Coming into the season, it was clear who the favorites were. When a team is willing to spend over a quarter of a billion dollars on a single season’s payroll, they expect to win. Despite their impressive offseason, San Diego, a team many considered the second best ballclub in baseball, was still not even predicted to win their division because of the high-rolling Dodgers. Whereas the Rays, following their typical offseason recycle, had been perceived as worse than the year before with their strong pitching depth diminished and their lack of hitters not being reinforced.
However, yet again on par with how the Rays generally work, Tampa’s pitching proved themselves as one of the elite set of arms the league entails. The problem was hitting. Watching this team attempt to score runs was truthfully painful at first. They began to turn things around slowly, making them relevant in the AL East, but still not quite in contention with the surprising Red Sox. And then something happened. I cannot point out a singularity that could be reason for this surge (except for maybe the return of the legendary Ji-Man Choi), but Rays went on a winning streak, and a long one too. Tampa Bay had won fifteen out of sixteen games, with eleven victories being consecutive, one shy of tying the ’04 franchise record.
This streak had pushed the Rays not only past the Red Sox for the AL East lead, but all the way into the best record in baseball. Their current two game losing streak, though, has unfortunately gave way for a new team atop the MLB, and it is not the Dodgers. In fact, the Dodgers are not only not in first, they are not even in second place in their division, granted this is the best division in baseball so far. Additionally, the team with the current best win percentage in baseball is not the San Diego Padres either, but rather another Californian team beginning with “San.” The San Francisco Giants have been the shock of the MLB this year for many, except for maybe the Twins only in the wrong direction.
However, something that was not unexpected by myself, but is possibly bewildering to others is the continued success in Tampa Bay. This team showed the world last year they have an unparalleled farm system with an abundance of young, promising talent. Yet still, nobody believes in them. Let us not forget either that Tampa is doing all this without the best prospect in baseball who, for whatever reason (contract loophole because the Rays are cheap), remains in Durham, despite the team moving on from their starting shortstop Willy Adames.

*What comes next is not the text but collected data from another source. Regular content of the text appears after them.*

lemma exists_nonsquare:
  assumes "odd (card (UNIV :: 'a::{finite,field} set))"
  shows "\<exists>g::'a. g \<noteq> 0 \<and> \<not> is_square g"
proof -
  have "\<not> inj (\<lambda>y::'a. y * y)"
  proof
    assume "inj (\<lambda>y::'a. y * y)"
    hence "(1::'a) = -1" by (rule injD) simp
    hence "(2::'a) = 0" by (metis one_add_one add_eq_0_iff)
    thus False using two_neq_zero_if_odd_card[OF assms] by simp
  qed
  hence "\<not> surj (\<lambda>y::'a. y * y)" by (metis finite_UNIV_surj_inj finite_class.finite_UNIV)
  then obtain g where "\<forall>y::'a. y * y \<noteq> g" by (metis surj_def)
  thus ?thesis unfolding is_square_def by (metis mult_zero_left)
qed

text \<open>The squares and the translates c - y^2 are two sets of size at least (q+1)/2, so they meet.\<close>
lemma sum_of_two_squares:
  fixes c :: "'a::{finite,field}"
  shows "\<exists>a b. a * a + b * b = c"
proof (rule ccontr)
  assume h: "\<not> (\<exists>a b. a * a + b * b = c)"
  define A where "A = range (\<lambda>a::'a. a * a)"
  define B where "B = (\<lambda>x. c - x) ` A"
  have disj: "A \<inter> B = {}" using h unfolding A_def B_def by (auto simp: algebra_simps eq_diff_eq)
  have cB: "card B = card A" unfolding B_def by (rule card_image) (auto simp: inj_on_def)
  have "A = insert 0 {x::'a. x \<noteq> 0 \<and> is_square x}" unfolding A_def is_square_def by auto
  hence cA: "card A = card {x::'a. x \<noteq> 0 \<and> is_square x} + 1" by simp
  have "card (UNIV - {0::'a}) = card (UNIV :: 'a set) - 1" by (simp add: card_Diff_singleton)
  hence "card (UNIV :: 'a set) < card A + card B"
    using cA cB card_nonzero_le_twice_card_squares[where 'a='a] by linarith
  also have "\<dots> = card (A \<union> B)" using disj by (simp add: card_Un_disjoint)
  also have "\<dots> \<le> card (UNIV :: 'a set)" by (rule card_mono) auto
  finally show False by simp
qed


section \<open>Codes given by a basis\<close>

definition lin_comb :: "nat \<Rightarrow> nat \<Rightarrow> (nat \<Rightarrow> 'a::field vec) \<Rightarrow> 'a vec \<Rightarrow> 'a vec" where
  "lin_comb n k g y = vec n (\<lambda>j. \<Sum>i\<in>{0..<k}. y $ i * g i $ j)"

lemma lin_comb_carrier[simp]: "lin_comb n k g y \<in> carrier_vec n"
  unfolding lin_comb_def by simp

lemma lin_comb_dim[simp]: "dim_vec (lin_comb n k g y) = n"
  unfolding lin_comb_def by simp

lemma lin_comb_index[simp]: "j < n \<Longrightarrow> lin_comb n k g y $ j = (\<Sum>i\<in>{0..<k}. y $ i * g i $ j)"
  unfolding lin_comb_def by simp

lemma lin_comb_cong: "(\<And>i. i < k \<Longrightarrow> g i = g' i) \<Longrightarrow> lin_comb n k g = lin_comb n k g'"
  unfolding lin_comb_def by (intro ext eq_vecI) auto

lemma lin_comb_add:
  "y1 \<in> carrier_vec k \<Longrightarrow> y2 \<in> carrier_vec k \<Longrightarrow>
   lin_comb n k g (y1 + y2) = lin_comb n k g y1 + lin_comb n k g y2"
  by (intro eq_vecI) (auto simp: sum.distrib algebra_simps)

lemma lin_comb_smult: "y \<in> carrier_vec k \<Longrightarrow> lin_comb n k g (t \<cdot>\<^sub>v y) = t \<cdot>\<^sub>v lin_comb n k g y"
  by (intro eq_vecI) (auto simp: sum_distrib_left algebra_simps)

lemma lin_comb_zero: "lin_comb n k g (0\<^sub>v k) = 0\<^sub>v n"
  by (intro eq_vecI) auto

lemma mult_mat_vec_lin_comb:
  assumes T: "T \<in> carrier_mat n' n" and g: "\<And>i. i < k \<Longrightarrow> g i \<in> carrier_vec n"
  shows "T *\<^sub>v lin_comb n k g y = lin_comb n' k (\<lambda>i. T *\<^sub>v g i) y"
proof (intro eq_vecI)
  have gd: "\<And>i. i < k \<Longrightarrow> dim_vec (g i) = n" using g by auto
  fix l assume "l < dim_vec (lin_comb n' k (\<lambda>i. T *\<^sub>v g i) y)"
  hence l: "l < n'" by simp
  have "(T *\<^sub>v lin_comb n k g y) $ l = (\<Sum>j\<in>{0..<n}. T $$ (l, j) * (\<Sum>i\<in>{0..<k}. y $ i * g i $ j))"
    using T l by (auto simp: scalar_prod_def intro!: sum.cong)
  also have "\<dots> = (\<Sum>i\<in>{0..<k}. y $ i * (\<Sum>j\<in>{0..<n}. T $$ (l, j) * g i $ j))"
    by (simp add: sum_distrib_left sum_distrib_right sum.swap[of _ "{0..<n}"] algebra_simps)
  also have "\<dots> = lin_comb n' k (\<lambda>i. T *\<^sub>v g i) y $ l"
    using T l gd by (auto simp: scalar_prod_def intro!: sum.cong)
  finally show "(T *\<^sub>v lin_comb n k g y) $ l = lin_comb n' k (\<lambda>i. T *\<^sub>v g i) y $ l" .
qed (use T in auto)

lemma transpose_mult_vec_eq_lin_comb:
  assumes "G \<in> carrier_mat k n" and "y \<in> carrier_vec k"
  shows "transpose_mat G *\<^sub>v y = lin_comb n k (row G) y"
  using assms by (intro eq_vecI) (auto simp: scalar_prod_def intro!: sum.cong)

definition code_basis :: "nat \<Rightarrow> nat \<Rightarrow> (nat \<Rightarrow> 'a::field vec) \<Rightarrow> 'a vec set \<Rightarrow> bool" where
  "code_basis n k g C \<longleftrightarrow> (\<forall>i<k. g i \<in> carrier_vec n) \<and> inj_on (lin_comb n k g) (carrier_vec k)
     \<and> C = lin_comb n k g ` carrier_vec k"

lemma is_code_iff_code_basis: "is_code n k C \<longleftrightarrow> (\<exists>g. code_basis n k g C)"
proof
  assume "is_code n k C"
  then obtain G where G: "gen_mat n G C" "dim_row G = k" unfolding is_code_def by auto
  have Gc: "G \<in> carrier_mat k n" using G unfolding gen_mat_def by auto
  have eq: "\<And>y. y \<in> carrier_vec k \<Longrightarrow> transpose_mat G *\<^sub>v y = lin_comb n k (row G) y"
    using transpose_mult_vec_eq_lin_comb[OF Gc] by auto
  have "inj_on (lin_comb n k (row G)) (carrier_vec k)"
    using G eq unfolding gen_mat_def inj_on_def by metis
  moreover have "C = lin_comb n k (row G) ` carrier_vec k"
    using G eq unfolding gen_mat_def by (auto simp: image_def)
  moreover have "\<forall>i<k. row G i \<in> carrier_vec n" using Gc by auto
  ultimately show "\<exists>g. code_basis n k g C" unfolding code_basis_def by blast
next
  assume "\<exists>g. code_basis n k g C"
  then obtain g where g: "code_basis n k g C" by auto
  define G where "G = mat k n (\<lambda>(i,j). g i $ j)"
  have Gc: "G \<in> carrier_mat k n" unfolding G_def by simp
  have "lin_comb n k (row G) = lin_comb n k g"
    using g unfolding code_basis_def by (intro lin_comb_cong eq_vecI) (auto simp: G_def)
  hence eq: "\<And>y. y \<in> carrier_vec k \<Longrightarrow> transpose_mat G *\<^sub>v y = lin_comb n k g y"
    using transpose_mult_vec_eq_lin_comb[OF Gc] by auto
  have "gen_mat n G C"
    using Gc g eq unfolding gen_mat_def code_basis_def inj_on_def by (auto simp: image_def)
  thus "is_code n k C" unfolding is_code_def using Gc by auto
qed

definition is_subspace :: "nat \<Rightarrow> 'a::field vec set \<Rightarrow> bool" where
  "is_subspace n C \<longleftrightarrow> C \<subseteq> carrier_vec n \<and> 0\<^sub>v n \<in> C \<and> (\<forall>u\<in>C. \<forall>w\<in>C. u + w \<in> C)
     \<and> (\<forall>t. \<forall>u\<in>C. t \<cdot>\<^sub>v u \<in> C)"

lemma code_basis_subspace:
  assumes "code_basis n k g C"
  shows "is_subspace n C"
proof -
  have C: "C = lin_comb n k g ` carrier_vec k" using assms unfolding code_basis_def by auto
  show ?thesis unfolding is_subspace_def C
  proof (intro conjI ballI allI)
    show "0\<^sub>v n \<in> lin_comb n k g ` carrier_vec k"
      using lin_comb_zero[of n k g] by (metis image_eqI zero_carrier_vec)
    fix u w assume "u \<in> lin_comb n k g ` carrier_vec k" "w \<in> lin_comb n k g ` carrier_vec k"
    then obtain y1 y2 where "y1 \<in> carrier_vec k" "y2 \<in> carrier_vec k"
      "u = lin_comb n k g y1" "w = lin_comb n k g y2" by auto
    thus "u + w \<in> lin_comb n k g ` carrier_vec k" using lin_comb_add by (metis add_carrier_vec image_eqI)
  next
    fix t u assume "u \<in> lin_comb n k g ` carrier_vec k"
    then obtain y where "y \<in> carrier_vec k" "u = lin_comb n k g y" by auto
    thus "t \<cdot>\<^sub>v u \<in> lin_comb n k g ` carrier_vec k" using lin_comb_smult by (metis smult_carrier_vec image_eqI)
  qed auto
qed

lemma is_code_subspace: "is_code n k C \<Longrightarrow> is_subspace n C"
  using is_code_iff_code_basis code_basis_subspace by blast

lemma is_code_carrier: "is_code n k C \<Longrightarrow> C \<subseteq> carrier_vec n"
  using is_code_subspace unfolding is_subspace_def by blast

lemma subspace_lin_comb2:
  "is_subspace n C \<Longrightarrow> u \<in> C \<Longrightarrow> w \<in> C \<Longrightarrow> a \<cdot>\<^sub>v u + b \<cdot>\<^sub>v w \<in> C"
  unfolding is_subspace_def by auto

lemma subspace_diff:
  assumes "is_subspace n C" "u \<in> C" "w \<in> C"
  shows "u - w \<in> C"
proof -
  have "u - w = 1 \<cdot>\<^sub>v u + (-1) \<cdot>\<^sub>v w" using assms unfolding is_subspace_def by (intro eq_vecI) auto
  thus ?thesis using subspace_lin_comb2[OF assms, of 1 "-1"] by simp
qed

lemma code_basis_image:
  assumes g: "code_basis n k g C" and T: "T \<in> carrier_mat n n"
    and inj: "inj_on (\<lambda>v. T *\<^sub>v v) (carrier_vec n)"
  shows "code_basis n k (\<lambda>i. T *\<^sub>v g i) ((\<lambda>c. T *\<^sub>v c) ` C)"
proof -
  have gi: "\<And>i. i < k \<Longrightarrow> g i \<in> carrier_vec n" and injg: "inj_on (lin_comb n k g) (carrier_vec k)"
    and C: "C = lin_comb n k g ` carrier_vec k" using g unfolding code_basis_def by auto
  have eq: "lin_comb n k (\<lambda>i. T *\<^sub>v g i) y = T *\<^sub>v lin_comb n k g y" for y
    using mult_mat_vec_lin_comb[OF T gi] by simp
  show ?thesis unfolding code_basis_def
  proof (intro conjI allI impI)
    show "inj_on (lin_comb n k (\<lambda>i. T *\<^sub>v g i)) (carrier_vec k)"
      unfolding inj_on_def eq using inj injg unfolding inj_on_def by (metis lin_comb_carrier)
    show "(\<lambda>c. T *\<^sub>v c) ` C = lin_comb n k (\<lambda>i. T *\<^sub>v g i) ` carrier_vec k"
      unfolding C eq by (simp add: image_image)
  qed (use gi T in auto)
qed

lemma is_code_image:
  assumes "is_code n k C" and "T \<in> carrier_mat n n" and "inj_on (\<lambda>v. T *\<^sub>v v) (carrier_vec n)"
  shows "is_code n k ((\<lambda>c. T *\<^sub>v c) ` C)"
  using assms code_basis_image unfolding is_code_iff_code_basis by blast

lemma finite_carrier_vec: "finite (carrier_vec n :: 'a::finite vec set)"
proof -
  have "carrier_vec n \<subseteq> vec_of_list ` {xs :: 'a list. set xs \<subseteq> UNIV \<and> length xs = n}"
  proof
    fix v :: "'a vec" assume "v \<in> carrier_vec n"
    thus "v \<in> vec_of_list ` {xs. set xs \<subseteq> UNIV \<and> length xs = n}"
      by (intro image_eqI[of _ _ "list_of_vec v"]) (auto simp: vec_list)
  qed
  moreover have "finite {xs :: 'a list. set xs \<subseteq> UNIV \<and> length xs = n}"
    by (rule finite_lists_length_eq) simp
  ultimately show ?thesis by (meson finite_surj)
qed

lemma finite_codes: "finite {C :: 'a::{finite,field} vec set. is_code n k C \<and> P C}"
proof -
  have "{C :: 'a vec set. is_code n k C \<and> P C} \<subseteq> Pow (carrier_vec n)" using is_code_carrier by blast
  thus ?thesis using finite_carrier_vec by (metis finite_Pow_iff rev_finite_subset)
qed


section \<open>LCD codes with respect to a bilinear form\<close>

definition lcd_wrt :: "nat \<Rightarrow> 'a::field mat \<Rightarrow> 'a vec set \<Rightarrow> bool" where
  "lcd_wrt n B C \<longleftrightarrow> (\<forall>c'\<in>C. (\<forall>c\<in>C. c \<bullet> (B *\<^sub>v c') = 0) \<longrightarrow> c' = 0\<^sub>v n)"

lemma scalar_prod_gram_mat:
  fixes G :: "'a::field mat"
  assumes G: "G \<in> carrier_mat k n" and B: "B \<in> carrier_mat n n"
    and z: "z \<in> carrier_vec k" and y: "y \<in> carrier_vec k"
  shows "z \<bullet> ((G * B * transpose_mat G) *\<^sub>v y)
       = (transpose_mat G *\<^sub>v z) \<bullet> (B *\<^sub>v (transpose_mat G *\<^sub>v y))"
proof -
  have "(G * B * transpose_mat G) *\<^sub>v y = G *\<^sub>v (B *\<^sub>v (transpose_mat G *\<^sub>v y))"
    using G B y by (simp add: assoc_mult_mat_vec[of _ k n _ k])
  moreover have "(transpose_mat G *\<^sub>v z) \<bullet> (B *\<^sub>v (transpose_mat G *\<^sub>v y))
               = z \<bullet> (G *\<^sub>v (B *\<^sub>v (transpose_mat G *\<^sub>v y)))"
    by (rule transpose_vec_mult_scalar[of G k n]) (use G B y z in auto)
  ultimately show ?thesis by simp
qed

lemma gram_mult_vec_eq_zero_iff:
  fixes G :: "'a::field mat"
  assumes G: "G \<in> carrier_mat k n" and B: "B \<in> carrier_mat n n"
    and C: "C = (\<lambda>v. transpose_mat G *\<^sub>v v) ` carrier_vec k" and y: "y \<in> carrier_vec k"
  shows "(G * B * transpose_mat G) *\<^sub>v y = 0\<^sub>v k \<longleftrightarrow> (\<forall>c\<in>C. c \<bullet> (B *\<^sub>v (transpose_mat G *\<^sub>v y)) = 0)"
proof
  let ?A = "G * B * transpose_mat G"
  assume Ay: "?A *\<^sub>v y = 0\<^sub>v k"
  show "\<forall>c\<in>C. c \<bullet> (B *\<^sub>v (transpose_mat G *\<^sub>v y)) = 0"
  proof
    fix c assume "c \<in> C"
    then obtain z where z: "z \<in> carrier_vec k" "c = transpose_mat G *\<^sub>v z" using C by auto
    have "c \<bullet> (B *\<^sub>v (transpose_mat G *\<^sub>v y)) = z \<bullet> (?A *\<^sub>v y)"
      unfolding z(2) by (rule scalar_prod_gram_mat[OF G B z(1) y, symmetric])
    thus "c \<bullet> (B *\<^sub>v (transpose_mat G *\<^sub>v y)) = 0" using Ay z by simp
  qed
next
  let ?A = "G * B * transpose_mat G"
  have A: "?A \<in> carrier_mat k k" using G B by auto
  assume orth: "\<forall>c\<in>C. c \<bullet> (B *\<^sub>v (transpose_mat G *\<^sub>v y)) = 0"
  show "?A *\<^sub>v y = 0\<^sub>v k"
  proof (rule eq_vecI)
    fix i assume "i < dim_vec (0\<^sub>v k :: 'a vec)"
    hence i: "i < k" by simp
    have "(?A *\<^sub>v y) $ i = unit_vec k i \<bullet> (?A *\<^sub>v y)" using A i y by simp
    also have "\<dots> = (transpose_mat G *\<^sub>v unit_vec k i) \<bullet> (B *\<^sub>v (transpose_mat G *\<^sub>v y))"
      by (rule scalar_prod_gram_mat[OF G B _ y]) simp
    also have "\<dots> = 0" using orth C i by (metis image_eqI unit_vec_carrier)
    finally show "(?A *\<^sub>v y) $ i = 0\<^sub>v k $ i" using i by simp
  qed (use A G in simp)
qed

The Tampa Bay Rays may not spend money like others. They may not retain talented players like others. But no team in the league can have a consistently top-tier future like them. A future that is finally coming into its own and arriving to the big leagues after its back-to-back AAA championship runs in 2017 and 2018. Whether or not this style can succeed in winning the final series of the season is still uncertain, but one thing is.
The disrespect of the Tampa Bay Rays needs to stop, they are not simply a good team, they are among the best, and have every opportunity to run it back this year.